REQUIRED WORK:
Retrieve every line from the records in which the word "between" occurs.

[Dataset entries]
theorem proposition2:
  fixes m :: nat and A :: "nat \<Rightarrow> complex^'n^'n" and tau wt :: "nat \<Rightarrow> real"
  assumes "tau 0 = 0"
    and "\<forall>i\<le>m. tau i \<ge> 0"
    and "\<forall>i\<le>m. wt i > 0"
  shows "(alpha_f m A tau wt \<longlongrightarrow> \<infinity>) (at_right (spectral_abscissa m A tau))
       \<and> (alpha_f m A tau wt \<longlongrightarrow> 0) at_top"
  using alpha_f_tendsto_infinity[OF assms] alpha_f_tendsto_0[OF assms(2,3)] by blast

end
* * *
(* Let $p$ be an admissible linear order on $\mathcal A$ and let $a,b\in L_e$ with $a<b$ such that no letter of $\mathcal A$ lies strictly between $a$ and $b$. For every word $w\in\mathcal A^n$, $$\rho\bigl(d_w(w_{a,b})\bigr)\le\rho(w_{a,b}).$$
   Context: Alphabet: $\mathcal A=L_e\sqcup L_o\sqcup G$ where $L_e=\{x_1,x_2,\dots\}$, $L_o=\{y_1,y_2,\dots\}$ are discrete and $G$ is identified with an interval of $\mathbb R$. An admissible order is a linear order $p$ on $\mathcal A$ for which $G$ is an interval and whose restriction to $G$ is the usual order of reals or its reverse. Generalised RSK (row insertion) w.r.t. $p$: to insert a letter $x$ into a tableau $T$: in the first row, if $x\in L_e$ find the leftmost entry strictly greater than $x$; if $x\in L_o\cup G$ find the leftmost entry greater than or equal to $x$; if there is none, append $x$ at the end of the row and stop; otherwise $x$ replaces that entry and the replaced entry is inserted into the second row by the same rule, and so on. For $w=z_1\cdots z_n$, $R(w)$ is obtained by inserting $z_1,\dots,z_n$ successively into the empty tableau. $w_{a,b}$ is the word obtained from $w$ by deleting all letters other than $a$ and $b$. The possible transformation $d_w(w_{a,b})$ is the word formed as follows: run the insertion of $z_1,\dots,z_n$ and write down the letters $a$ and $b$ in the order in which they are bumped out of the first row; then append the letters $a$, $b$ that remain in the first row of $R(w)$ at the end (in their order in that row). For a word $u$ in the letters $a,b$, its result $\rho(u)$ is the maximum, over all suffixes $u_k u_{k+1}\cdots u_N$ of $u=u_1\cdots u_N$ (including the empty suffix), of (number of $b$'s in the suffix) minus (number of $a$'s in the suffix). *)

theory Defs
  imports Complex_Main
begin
--
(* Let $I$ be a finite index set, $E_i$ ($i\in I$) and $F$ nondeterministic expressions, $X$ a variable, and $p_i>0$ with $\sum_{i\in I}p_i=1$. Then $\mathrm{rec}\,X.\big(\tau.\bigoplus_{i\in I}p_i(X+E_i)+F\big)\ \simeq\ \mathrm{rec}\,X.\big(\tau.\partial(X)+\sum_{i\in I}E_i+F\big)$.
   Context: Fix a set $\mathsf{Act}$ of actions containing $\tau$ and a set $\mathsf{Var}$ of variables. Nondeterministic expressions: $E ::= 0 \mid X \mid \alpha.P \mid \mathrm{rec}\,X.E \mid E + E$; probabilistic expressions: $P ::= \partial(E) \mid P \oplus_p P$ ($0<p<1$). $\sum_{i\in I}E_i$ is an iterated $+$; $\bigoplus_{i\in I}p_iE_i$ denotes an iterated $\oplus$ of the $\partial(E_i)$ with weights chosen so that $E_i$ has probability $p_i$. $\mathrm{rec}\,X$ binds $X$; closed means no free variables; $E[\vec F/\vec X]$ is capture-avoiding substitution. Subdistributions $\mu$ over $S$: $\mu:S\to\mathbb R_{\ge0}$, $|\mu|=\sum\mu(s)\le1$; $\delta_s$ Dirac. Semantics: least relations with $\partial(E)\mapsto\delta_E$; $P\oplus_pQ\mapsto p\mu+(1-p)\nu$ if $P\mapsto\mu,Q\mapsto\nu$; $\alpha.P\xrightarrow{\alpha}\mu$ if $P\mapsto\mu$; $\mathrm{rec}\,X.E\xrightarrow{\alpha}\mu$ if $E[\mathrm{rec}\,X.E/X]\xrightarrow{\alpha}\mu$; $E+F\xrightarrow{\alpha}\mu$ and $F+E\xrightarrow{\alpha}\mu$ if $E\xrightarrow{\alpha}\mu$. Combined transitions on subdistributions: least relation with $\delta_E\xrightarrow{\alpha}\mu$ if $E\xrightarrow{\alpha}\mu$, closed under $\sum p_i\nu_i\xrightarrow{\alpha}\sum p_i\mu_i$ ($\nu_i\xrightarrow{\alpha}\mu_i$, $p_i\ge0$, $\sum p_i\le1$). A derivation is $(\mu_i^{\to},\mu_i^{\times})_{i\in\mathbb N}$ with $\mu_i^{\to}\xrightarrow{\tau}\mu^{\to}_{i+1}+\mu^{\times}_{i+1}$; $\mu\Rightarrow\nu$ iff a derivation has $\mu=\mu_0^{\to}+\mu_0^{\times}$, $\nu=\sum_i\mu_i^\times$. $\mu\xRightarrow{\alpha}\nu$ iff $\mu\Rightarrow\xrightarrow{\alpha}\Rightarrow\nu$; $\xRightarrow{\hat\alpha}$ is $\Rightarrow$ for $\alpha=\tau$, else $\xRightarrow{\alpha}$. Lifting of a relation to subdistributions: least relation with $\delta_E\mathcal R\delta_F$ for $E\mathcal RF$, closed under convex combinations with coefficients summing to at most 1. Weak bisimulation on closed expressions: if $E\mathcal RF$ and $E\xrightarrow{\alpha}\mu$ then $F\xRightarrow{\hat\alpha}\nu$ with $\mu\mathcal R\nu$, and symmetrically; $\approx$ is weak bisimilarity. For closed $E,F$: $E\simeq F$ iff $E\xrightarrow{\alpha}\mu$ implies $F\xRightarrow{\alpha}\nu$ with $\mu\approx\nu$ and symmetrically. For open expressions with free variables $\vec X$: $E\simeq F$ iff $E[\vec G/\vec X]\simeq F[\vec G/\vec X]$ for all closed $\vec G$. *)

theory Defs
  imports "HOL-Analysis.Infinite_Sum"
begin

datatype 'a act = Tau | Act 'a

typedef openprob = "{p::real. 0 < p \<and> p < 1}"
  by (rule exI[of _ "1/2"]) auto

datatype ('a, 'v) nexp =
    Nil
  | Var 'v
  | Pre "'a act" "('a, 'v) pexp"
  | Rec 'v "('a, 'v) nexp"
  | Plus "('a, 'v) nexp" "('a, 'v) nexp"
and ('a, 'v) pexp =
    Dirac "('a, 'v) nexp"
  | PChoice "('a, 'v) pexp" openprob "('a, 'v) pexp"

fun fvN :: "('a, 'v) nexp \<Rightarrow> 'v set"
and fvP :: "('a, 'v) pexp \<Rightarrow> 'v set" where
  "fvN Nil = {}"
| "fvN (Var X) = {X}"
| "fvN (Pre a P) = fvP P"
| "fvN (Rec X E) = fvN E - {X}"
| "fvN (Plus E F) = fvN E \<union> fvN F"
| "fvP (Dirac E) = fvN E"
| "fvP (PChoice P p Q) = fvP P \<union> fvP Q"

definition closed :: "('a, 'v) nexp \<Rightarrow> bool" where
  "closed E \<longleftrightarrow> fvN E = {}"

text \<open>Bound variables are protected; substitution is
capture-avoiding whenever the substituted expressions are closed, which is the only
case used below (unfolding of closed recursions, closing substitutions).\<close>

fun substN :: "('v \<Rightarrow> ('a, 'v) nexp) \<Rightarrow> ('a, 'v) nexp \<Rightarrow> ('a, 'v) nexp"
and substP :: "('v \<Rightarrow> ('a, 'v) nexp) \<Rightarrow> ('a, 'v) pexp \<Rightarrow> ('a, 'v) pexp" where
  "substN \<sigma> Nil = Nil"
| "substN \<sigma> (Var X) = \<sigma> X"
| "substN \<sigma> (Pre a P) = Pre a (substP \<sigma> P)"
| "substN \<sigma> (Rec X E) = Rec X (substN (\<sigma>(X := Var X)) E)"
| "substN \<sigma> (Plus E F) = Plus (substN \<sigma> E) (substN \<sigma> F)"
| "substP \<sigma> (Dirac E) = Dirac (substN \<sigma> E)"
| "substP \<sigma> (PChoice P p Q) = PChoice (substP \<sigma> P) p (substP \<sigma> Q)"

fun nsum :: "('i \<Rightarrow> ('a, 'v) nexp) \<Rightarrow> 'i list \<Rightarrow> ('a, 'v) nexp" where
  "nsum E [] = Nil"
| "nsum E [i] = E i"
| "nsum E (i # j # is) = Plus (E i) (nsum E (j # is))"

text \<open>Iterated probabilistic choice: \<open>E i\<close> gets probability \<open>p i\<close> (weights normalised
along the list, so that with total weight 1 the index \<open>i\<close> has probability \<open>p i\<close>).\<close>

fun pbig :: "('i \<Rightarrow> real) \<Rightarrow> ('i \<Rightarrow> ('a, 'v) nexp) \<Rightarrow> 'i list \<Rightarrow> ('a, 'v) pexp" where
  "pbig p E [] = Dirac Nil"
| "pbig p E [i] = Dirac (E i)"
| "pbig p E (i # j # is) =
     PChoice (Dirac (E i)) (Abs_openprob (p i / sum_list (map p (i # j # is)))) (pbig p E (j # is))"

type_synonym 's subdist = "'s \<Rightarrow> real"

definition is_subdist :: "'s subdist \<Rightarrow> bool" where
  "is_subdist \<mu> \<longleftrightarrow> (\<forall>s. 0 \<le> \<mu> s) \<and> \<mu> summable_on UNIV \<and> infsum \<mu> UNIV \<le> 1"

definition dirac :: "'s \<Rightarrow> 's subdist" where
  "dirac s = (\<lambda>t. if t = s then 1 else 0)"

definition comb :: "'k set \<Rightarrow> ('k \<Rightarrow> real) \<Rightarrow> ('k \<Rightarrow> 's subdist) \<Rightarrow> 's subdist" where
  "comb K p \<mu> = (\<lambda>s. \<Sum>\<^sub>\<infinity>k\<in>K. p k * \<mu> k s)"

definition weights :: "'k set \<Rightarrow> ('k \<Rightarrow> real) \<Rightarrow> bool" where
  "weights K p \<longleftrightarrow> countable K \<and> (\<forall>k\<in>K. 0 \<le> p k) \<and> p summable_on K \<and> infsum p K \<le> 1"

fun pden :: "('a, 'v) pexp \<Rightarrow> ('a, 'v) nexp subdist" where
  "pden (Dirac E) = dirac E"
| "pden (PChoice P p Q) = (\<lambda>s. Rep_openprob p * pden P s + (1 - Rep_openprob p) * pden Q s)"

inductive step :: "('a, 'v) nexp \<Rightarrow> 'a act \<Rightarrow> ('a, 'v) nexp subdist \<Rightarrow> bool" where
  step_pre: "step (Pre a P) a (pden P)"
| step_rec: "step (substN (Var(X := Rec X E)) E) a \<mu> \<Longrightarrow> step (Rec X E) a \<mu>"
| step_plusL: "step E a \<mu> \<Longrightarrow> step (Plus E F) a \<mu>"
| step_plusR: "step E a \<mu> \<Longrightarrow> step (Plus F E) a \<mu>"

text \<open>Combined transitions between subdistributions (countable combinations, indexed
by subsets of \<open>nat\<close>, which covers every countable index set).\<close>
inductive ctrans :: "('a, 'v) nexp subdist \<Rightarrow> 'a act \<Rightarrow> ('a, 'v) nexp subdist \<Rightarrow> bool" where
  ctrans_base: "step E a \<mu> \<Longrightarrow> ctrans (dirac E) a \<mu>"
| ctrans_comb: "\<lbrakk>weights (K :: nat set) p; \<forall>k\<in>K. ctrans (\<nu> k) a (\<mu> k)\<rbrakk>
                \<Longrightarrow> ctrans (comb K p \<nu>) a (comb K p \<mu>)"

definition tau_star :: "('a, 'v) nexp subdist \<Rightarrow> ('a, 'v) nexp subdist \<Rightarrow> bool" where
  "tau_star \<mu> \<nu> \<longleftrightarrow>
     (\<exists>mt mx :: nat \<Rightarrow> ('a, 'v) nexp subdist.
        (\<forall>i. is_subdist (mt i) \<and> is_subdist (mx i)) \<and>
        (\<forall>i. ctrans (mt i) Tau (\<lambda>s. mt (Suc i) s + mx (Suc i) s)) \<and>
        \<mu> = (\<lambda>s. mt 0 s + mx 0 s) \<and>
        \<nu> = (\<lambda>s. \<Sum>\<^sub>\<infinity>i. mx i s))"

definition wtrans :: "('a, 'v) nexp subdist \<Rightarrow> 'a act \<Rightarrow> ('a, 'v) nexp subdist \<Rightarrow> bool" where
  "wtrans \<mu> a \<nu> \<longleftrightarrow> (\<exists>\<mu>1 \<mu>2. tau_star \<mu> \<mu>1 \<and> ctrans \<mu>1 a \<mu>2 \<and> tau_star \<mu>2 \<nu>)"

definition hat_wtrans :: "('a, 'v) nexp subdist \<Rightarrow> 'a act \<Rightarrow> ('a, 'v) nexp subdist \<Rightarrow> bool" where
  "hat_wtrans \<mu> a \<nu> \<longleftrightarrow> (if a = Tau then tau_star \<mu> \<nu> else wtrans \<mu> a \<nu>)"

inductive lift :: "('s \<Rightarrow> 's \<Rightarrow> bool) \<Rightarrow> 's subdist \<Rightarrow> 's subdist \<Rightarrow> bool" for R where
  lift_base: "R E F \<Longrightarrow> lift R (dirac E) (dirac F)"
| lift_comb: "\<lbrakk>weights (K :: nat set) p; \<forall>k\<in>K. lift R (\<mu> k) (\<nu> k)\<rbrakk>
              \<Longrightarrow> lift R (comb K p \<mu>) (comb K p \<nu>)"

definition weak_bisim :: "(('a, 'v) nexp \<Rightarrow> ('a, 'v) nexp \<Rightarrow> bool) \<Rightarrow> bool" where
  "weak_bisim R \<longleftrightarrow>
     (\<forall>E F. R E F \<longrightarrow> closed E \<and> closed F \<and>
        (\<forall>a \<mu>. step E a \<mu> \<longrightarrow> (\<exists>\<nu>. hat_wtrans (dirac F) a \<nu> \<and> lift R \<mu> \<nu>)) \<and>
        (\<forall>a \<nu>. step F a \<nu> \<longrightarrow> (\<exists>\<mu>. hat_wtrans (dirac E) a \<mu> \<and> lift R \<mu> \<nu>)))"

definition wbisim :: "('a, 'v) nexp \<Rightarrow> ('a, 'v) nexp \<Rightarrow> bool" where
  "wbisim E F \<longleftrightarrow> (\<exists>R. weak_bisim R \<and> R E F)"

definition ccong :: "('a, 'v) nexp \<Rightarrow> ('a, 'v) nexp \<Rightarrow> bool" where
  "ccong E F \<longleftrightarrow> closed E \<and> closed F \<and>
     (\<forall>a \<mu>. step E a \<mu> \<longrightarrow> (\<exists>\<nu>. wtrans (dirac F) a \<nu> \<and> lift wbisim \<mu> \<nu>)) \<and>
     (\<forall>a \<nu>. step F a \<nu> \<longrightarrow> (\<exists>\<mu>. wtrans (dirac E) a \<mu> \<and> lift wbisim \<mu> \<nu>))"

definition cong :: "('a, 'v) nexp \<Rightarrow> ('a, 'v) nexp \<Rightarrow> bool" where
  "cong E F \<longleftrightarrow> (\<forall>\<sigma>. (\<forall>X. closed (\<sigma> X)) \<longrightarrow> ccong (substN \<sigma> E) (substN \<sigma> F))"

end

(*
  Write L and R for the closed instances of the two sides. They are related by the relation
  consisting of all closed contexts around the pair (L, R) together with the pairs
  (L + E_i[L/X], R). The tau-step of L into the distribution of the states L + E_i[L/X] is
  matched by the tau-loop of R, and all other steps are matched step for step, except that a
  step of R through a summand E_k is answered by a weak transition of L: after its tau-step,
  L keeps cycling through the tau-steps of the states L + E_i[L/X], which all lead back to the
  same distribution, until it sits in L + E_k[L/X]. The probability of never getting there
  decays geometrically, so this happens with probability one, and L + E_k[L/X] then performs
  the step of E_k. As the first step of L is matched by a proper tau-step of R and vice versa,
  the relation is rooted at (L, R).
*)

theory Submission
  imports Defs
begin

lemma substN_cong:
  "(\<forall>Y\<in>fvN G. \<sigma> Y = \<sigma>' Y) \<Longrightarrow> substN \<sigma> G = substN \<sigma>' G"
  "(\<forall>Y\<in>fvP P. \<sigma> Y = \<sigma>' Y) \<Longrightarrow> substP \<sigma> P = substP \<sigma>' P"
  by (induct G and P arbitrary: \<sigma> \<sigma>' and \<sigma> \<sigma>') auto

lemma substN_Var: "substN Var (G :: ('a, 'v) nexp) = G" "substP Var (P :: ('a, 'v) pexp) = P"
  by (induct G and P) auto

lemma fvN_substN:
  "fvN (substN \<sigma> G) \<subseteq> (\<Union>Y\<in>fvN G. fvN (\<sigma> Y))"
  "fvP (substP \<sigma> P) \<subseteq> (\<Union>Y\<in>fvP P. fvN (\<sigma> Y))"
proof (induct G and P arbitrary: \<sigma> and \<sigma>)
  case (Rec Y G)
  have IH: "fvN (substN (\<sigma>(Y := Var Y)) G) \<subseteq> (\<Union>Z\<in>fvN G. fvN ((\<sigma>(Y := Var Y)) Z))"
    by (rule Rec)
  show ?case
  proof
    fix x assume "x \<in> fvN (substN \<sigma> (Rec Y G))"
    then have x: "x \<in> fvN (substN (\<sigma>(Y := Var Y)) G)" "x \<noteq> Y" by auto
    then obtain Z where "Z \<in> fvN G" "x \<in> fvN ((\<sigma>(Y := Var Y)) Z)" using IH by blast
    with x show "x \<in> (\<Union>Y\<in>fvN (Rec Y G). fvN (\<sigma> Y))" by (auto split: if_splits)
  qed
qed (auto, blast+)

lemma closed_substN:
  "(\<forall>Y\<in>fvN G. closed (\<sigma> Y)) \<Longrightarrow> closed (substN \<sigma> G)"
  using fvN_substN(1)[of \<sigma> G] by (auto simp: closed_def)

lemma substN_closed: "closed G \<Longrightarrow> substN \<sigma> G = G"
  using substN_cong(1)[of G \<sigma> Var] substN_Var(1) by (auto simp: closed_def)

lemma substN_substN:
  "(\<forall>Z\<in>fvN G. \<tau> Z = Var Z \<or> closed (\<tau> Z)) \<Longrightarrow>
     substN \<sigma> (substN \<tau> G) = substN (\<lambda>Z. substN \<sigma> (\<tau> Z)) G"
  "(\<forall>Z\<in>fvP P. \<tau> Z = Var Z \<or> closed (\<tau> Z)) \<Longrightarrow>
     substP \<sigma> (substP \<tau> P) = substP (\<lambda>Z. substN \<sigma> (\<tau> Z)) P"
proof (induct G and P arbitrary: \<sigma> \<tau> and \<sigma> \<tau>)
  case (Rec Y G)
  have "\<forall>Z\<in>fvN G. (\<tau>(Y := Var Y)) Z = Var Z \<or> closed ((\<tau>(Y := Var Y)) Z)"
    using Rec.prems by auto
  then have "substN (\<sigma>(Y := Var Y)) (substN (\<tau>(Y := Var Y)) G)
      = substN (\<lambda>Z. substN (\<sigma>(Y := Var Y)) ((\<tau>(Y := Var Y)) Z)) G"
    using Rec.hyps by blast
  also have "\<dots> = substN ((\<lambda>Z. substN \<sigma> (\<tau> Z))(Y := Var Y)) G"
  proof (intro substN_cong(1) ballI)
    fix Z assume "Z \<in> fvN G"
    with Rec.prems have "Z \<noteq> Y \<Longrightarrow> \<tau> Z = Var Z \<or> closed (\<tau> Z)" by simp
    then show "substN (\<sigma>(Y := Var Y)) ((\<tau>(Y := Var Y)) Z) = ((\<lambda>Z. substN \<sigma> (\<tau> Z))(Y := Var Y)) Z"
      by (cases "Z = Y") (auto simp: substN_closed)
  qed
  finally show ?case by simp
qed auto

EXERCISE RESPONSE:
(* Let $p$ be an admissible linear order on $\mathcal A$ and let $a,b\in L_e$ with $a<b$ such that no letter of $\mathcal A$ lies strictly between $a$ and $b$. For every word $w\in\mathcal A^n$, $$\rho\bigl(d_w(w_{a,b})\bigr)\le\rho(w_{a,b}).$$
text \<open>Combined transitions between subdistributions (countable combinations, indexed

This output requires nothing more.